Quality / Organization
- test_wrapper() to run a battery of standard tests on each wrapper.
- 90%+ test coverage
- Metalearner functions in method.R should be in separate files.
- Function to list all methods, like listWrappers() (or add to listWrappers()).
- Metalearner functions need documentation and examples.
- Review ?SuperLearner and ?CV.Superlearner.
- Display CV iteration at the beginning of each fold.
- Report CV time elapsed at the end of each fold.
- Move all wrappers into R/wrappers
- Move all screeners into R/screeners
- Pass linting
- Convert Rd files to Roxygen
- Cheatsheet
- Output fold-specific learner performance and timing during fitting when verbose = T
Screeners
- Check that all screening functions exist before fitting any screeners.

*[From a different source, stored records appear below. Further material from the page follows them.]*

lemma FDP_le_sum_miscov_weight:
  assumes U: "finite U"
  shows "FDP \<mu> g \<alpha> C U \<tau> \<omega> \<le> (\<Sum>j\<in>U. miscov_weight \<mu> g \<alpha> C U \<tau> \<omega> j)"
proof -
  let ?S = "sel U \<tau> (score g \<omega>)"
  let ?Mis = "{j \<in> ?S. snd (\<omega> j) \<notin> PI_AD \<mu> g \<alpha> C U \<tau> \<omega> j}"
  have weight_ge: "1 / real (card ?S) \<le> miscov_weight \<mu> g \<alpha> C U \<tau> \<omega> j" if j: "j \<in> ?Mis" for j
  proof -
    have "selectable U \<tau> (score g \<omega>) j"
      using j unfolding selectable_def by (metis (mono_tags, lifting) fun_upd_triv mem_Collect_eq)
    moreover from this have "1 \<le> Mmin U \<tau> (score g \<omega>) j"
      by (rule Mmin_ge_1[OF U])
    moreover have "Mmin U \<tau> (score g \<omega>) j \<le> card ?S"
      using j by (intro Mmin_le_card_sel[OF U]) simp
    ultimately show ?thesis
      using j unfolding miscov_weight_def by (simp add: frac_le)
  qed
  have "FDP \<mu> g \<alpha> C U \<tau> \<omega> = real (card ?Mis) / real (card ?S)"
  proof (cases "?S = {}")
    case False
    moreover have "finite ?S"
      by (rule finite_subset[OF sel_subset U])
    ultimately have "1 \<le> card ?S"
      by (simp add: Suc_le_eq card_gt_0_iff)
    then show ?thesis
      unfolding FDP_def by (simp add: max_def)
  qed (simp add: FDP_def)
  also have "\<dots> \<le> (\<Sum>j\<in>?Mis. miscov_weight \<mu> g \<alpha> C U \<tau> \<omega> j)"
    using sum_mono[of ?Mis "\<lambda>_. 1 / real (card ?S)"] weight_ge by simp
  also have "\<dots> \<le> (\<Sum>j\<in>U. miscov_weight \<mu> g \<alpha> C U \<tau> \<omega> j)"
    using U sel_subset by (intro sum_mono2) (auto simp: miscov_weight_nonneg)
  finally show ?thesis .
qed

Allows for faster debugging.
- Screening by correlation could be improved for binary outcomes (polychoric).
Performance
- Improve parallelization approach: SL currently parallelizes over each fold, rather than each fold * each learner.

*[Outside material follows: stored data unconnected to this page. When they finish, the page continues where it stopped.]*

(* OPT(G) is attained by some orientation, as there are finitely many and at least one. *)
lemma OPT_attained:
  assumes "finite E"
  obtains h where "\<forall>e\<in>E. incident ends (h e) e" "OPT V E ends = entropy V (indeg_dist E h)"
proof -
  have "orientations E ends \<subseteq> (\<Pi>\<^sub>E e\<in>E. {fst (ends e), snd (ends e)})"
    unfolding orientations_def incident_def PiE_def extensional_def by auto
  moreover have "finite (\<Pi>\<^sub>E e\<in>E. {fst (ends e), snd (ends e)})"
    using assms by (intro finite_PiE) auto
  ultimately have "finite (orientations E ends)" by (rule finite_subset)
  moreover have "(\<lambda>e. if e \<in> E then fst (ends e) else undefined) \<in> orientations E ends"
    unfolding orientations_def incident_def by auto
  ultimately have "OPT V E ends \<in> (\<lambda>h. entropy V (indeg_dist E h)) ` orientations E ends"
    unfolding OPT_def by (intro Min_in) auto
  then show thesis using that unfolding orientations_def by auto
qed

theorem mainTheorem7:
  fixes V :: "'v set" and E :: "'e set" and ends :: "'e \<Rightarrow> 'v \<times> 'v" and h :: "'e \<Rightarrow> 'v"
  assumes "multigraph V E ends"
    and "card E \<ge> 1"
    and "\<forall>v\<in>V. deg E ends v \<ge> 1"
    and "\<forall>e\<in>E. incident ends (h e) e"
    and "biased E ends h"
  shows "indeg_dist E h \<in> polytopeP V E ends
    \<and> (\<forall>p\<in>polytopeP V E ends. lp_obj V E ends (indeg_dist E h) \<le> lp_obj V E ends p)
    \<and> lp_value V E ends = lp_obj V E ends (indeg_dist E h)
    \<and> lp_value V E ends \<le> OPT V E ends"
proof -
  note mg = assms(1) and m = assms(2)
  have feasible: "indeg_dist E h \<in> polytopeP V E ends"
    using indeg_dist_in_polytopeP[OF mg m assms(4)] .
  have optimal: "\<forall>p\<in>polytopeP V E ends. lp_obj V E ends (indeg_dist E h) \<le> lp_obj V E ends p"
    using biased_indeg_dist_lp_optimal[OF assms] by blast
  have attained: "lp_value V E ends = lp_obj V E ends (indeg_dist E h)"
    unfolding lp_value_def using feasible optimal by (intro cInf_eq_minimum) auto
  obtain h0 where orient0: "\<forall>e\<in>E. incident ends (h0 e) e"
    and opt0: "OPT V E ends = entropy V (indeg_dist E h0)"
    using OPT_attained mg unfolding multigraph_def by blast
  have "lp_value V E ends \<le> lp_obj V E ends (indeg_dist E h0)"
    using attained optimal indeg_dist_in_polytopeP[OF mg m orient0] by simp
  also have "\<dots> \<le> OPT V E ends"
    using opt0 lp_obj_le_entropy[OF mg m orient0] by simp
  finally show ?thesis using feasible optimal attained by blast
qed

- Time each algorithm, report time and percentage of total computation time.
- Fix learners that save model data in their objects unnecessarily, increasing RAM. (via Jeremy)
- Time full function execution automatically.
- Parallel prediction
- Rcpp implementation if it will help with anything
- screen.corP and screen.corRank on large+wide datasets may benefit
- Support OpenML: https://arxiv.org/abs/1701.01293
- Diversity metrics, e.g. Yule's Q-statistic.
- See Meynet, J., & Thiran, J. P. (2010). Information theoretic combination of pattern classifiers. Pattern Recognition, 43(10), 3412-3421.
- Unclear how to implement or if this is actually useful.